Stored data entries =
◇ ◇ ◇

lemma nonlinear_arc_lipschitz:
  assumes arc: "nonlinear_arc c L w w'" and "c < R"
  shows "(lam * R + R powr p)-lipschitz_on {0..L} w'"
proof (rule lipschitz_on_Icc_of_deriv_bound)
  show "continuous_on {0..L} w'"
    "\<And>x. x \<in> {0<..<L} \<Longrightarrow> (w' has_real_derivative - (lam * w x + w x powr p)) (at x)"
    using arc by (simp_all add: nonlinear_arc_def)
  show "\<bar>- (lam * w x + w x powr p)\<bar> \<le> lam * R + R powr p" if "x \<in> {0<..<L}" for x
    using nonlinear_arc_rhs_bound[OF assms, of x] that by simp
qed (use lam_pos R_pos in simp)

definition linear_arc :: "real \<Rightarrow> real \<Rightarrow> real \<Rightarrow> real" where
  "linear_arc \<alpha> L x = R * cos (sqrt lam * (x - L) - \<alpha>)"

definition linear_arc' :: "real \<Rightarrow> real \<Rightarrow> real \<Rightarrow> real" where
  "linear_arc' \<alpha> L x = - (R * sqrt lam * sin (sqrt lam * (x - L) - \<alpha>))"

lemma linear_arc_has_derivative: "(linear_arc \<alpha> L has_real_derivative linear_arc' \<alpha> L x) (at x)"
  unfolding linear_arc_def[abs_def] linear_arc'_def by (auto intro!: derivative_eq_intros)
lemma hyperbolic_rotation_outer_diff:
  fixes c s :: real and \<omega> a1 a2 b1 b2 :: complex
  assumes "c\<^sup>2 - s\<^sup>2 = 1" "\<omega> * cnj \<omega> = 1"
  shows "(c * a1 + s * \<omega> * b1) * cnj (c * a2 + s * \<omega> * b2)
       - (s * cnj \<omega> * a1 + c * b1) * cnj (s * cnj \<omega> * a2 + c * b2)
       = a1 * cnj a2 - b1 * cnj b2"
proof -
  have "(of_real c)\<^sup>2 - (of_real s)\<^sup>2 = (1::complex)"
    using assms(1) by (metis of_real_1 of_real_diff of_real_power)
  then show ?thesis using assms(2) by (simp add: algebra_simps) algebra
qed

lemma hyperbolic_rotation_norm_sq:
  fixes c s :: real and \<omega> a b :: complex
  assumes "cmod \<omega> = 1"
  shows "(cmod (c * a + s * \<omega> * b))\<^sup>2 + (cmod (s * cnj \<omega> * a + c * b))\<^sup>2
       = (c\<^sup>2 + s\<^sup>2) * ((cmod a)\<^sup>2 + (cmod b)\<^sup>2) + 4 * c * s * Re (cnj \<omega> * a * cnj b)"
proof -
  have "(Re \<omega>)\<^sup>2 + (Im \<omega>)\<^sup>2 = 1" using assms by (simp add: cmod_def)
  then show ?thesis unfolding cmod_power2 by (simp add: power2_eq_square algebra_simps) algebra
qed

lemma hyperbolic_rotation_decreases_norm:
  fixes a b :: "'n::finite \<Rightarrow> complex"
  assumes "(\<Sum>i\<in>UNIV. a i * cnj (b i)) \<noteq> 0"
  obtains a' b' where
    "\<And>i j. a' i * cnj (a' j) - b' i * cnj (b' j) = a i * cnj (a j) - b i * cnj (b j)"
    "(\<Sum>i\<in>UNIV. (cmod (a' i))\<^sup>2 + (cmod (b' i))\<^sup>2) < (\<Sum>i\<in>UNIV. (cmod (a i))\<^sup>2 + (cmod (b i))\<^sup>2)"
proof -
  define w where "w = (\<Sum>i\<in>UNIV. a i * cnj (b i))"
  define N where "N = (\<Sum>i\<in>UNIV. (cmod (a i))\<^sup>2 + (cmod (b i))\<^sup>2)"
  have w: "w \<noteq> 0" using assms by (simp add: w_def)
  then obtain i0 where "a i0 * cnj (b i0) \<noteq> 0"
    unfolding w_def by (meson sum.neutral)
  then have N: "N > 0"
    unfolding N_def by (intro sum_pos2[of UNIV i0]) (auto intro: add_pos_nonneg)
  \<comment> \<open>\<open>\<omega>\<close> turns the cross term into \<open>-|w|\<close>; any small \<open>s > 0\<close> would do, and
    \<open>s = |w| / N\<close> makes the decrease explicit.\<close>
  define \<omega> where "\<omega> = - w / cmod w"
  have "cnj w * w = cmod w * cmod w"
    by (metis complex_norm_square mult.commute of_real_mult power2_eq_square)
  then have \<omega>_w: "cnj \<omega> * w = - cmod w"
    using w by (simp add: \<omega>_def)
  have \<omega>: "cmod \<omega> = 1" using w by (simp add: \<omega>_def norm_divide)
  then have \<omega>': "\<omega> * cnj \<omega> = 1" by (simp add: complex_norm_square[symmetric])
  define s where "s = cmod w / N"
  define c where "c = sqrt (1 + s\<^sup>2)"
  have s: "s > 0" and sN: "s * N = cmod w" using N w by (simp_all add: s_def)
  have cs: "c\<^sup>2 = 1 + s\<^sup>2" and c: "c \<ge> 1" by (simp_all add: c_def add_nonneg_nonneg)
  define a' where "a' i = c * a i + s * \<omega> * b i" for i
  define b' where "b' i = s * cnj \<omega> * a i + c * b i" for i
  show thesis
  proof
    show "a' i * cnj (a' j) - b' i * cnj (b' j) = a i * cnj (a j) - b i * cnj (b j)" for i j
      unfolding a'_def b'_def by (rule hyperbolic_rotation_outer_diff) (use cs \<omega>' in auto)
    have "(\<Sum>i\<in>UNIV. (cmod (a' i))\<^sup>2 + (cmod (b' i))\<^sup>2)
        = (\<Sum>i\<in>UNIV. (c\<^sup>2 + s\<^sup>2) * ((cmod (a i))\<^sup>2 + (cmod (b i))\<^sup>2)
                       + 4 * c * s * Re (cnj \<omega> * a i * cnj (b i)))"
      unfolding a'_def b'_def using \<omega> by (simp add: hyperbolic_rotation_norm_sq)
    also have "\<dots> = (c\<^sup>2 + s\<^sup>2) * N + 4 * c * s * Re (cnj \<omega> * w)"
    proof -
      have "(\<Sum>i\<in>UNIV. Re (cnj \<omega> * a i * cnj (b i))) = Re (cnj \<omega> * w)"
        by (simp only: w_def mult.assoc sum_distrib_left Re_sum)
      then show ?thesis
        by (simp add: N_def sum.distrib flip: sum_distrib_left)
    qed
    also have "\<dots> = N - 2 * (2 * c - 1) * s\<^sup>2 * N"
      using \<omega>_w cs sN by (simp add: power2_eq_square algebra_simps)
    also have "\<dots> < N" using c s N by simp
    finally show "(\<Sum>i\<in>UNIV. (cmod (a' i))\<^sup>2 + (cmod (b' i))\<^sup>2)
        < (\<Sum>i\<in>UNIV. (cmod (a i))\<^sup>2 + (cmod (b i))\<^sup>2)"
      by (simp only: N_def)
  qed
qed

◇ ◇ ◇

Work item =
Your output should be an exact copy of the lines from the one containing "1) * s\<^sup>2" through the last line of the data above.

Task result =
    also have "\<dots> = N - 2 * (2 * c - 1) * s\<^sup>2 * N"
      using \<omega>_w cs sN by (simp add: power2_eq_square algebra_simps)
    also have "\<dots> < N" using c s N by simp
    finally show "(\<Sum>i\<in>UNIV. (cmod (a' i))\<^sup>2 + (cmod (b' i))\<^sup>2)
        < (\<Sum>i\<in>UNIV. (cmod (a i))\<^sup>2 + (cmod (b i))\<^sup>2)"
      by (simp only: N_def)
  qed
qed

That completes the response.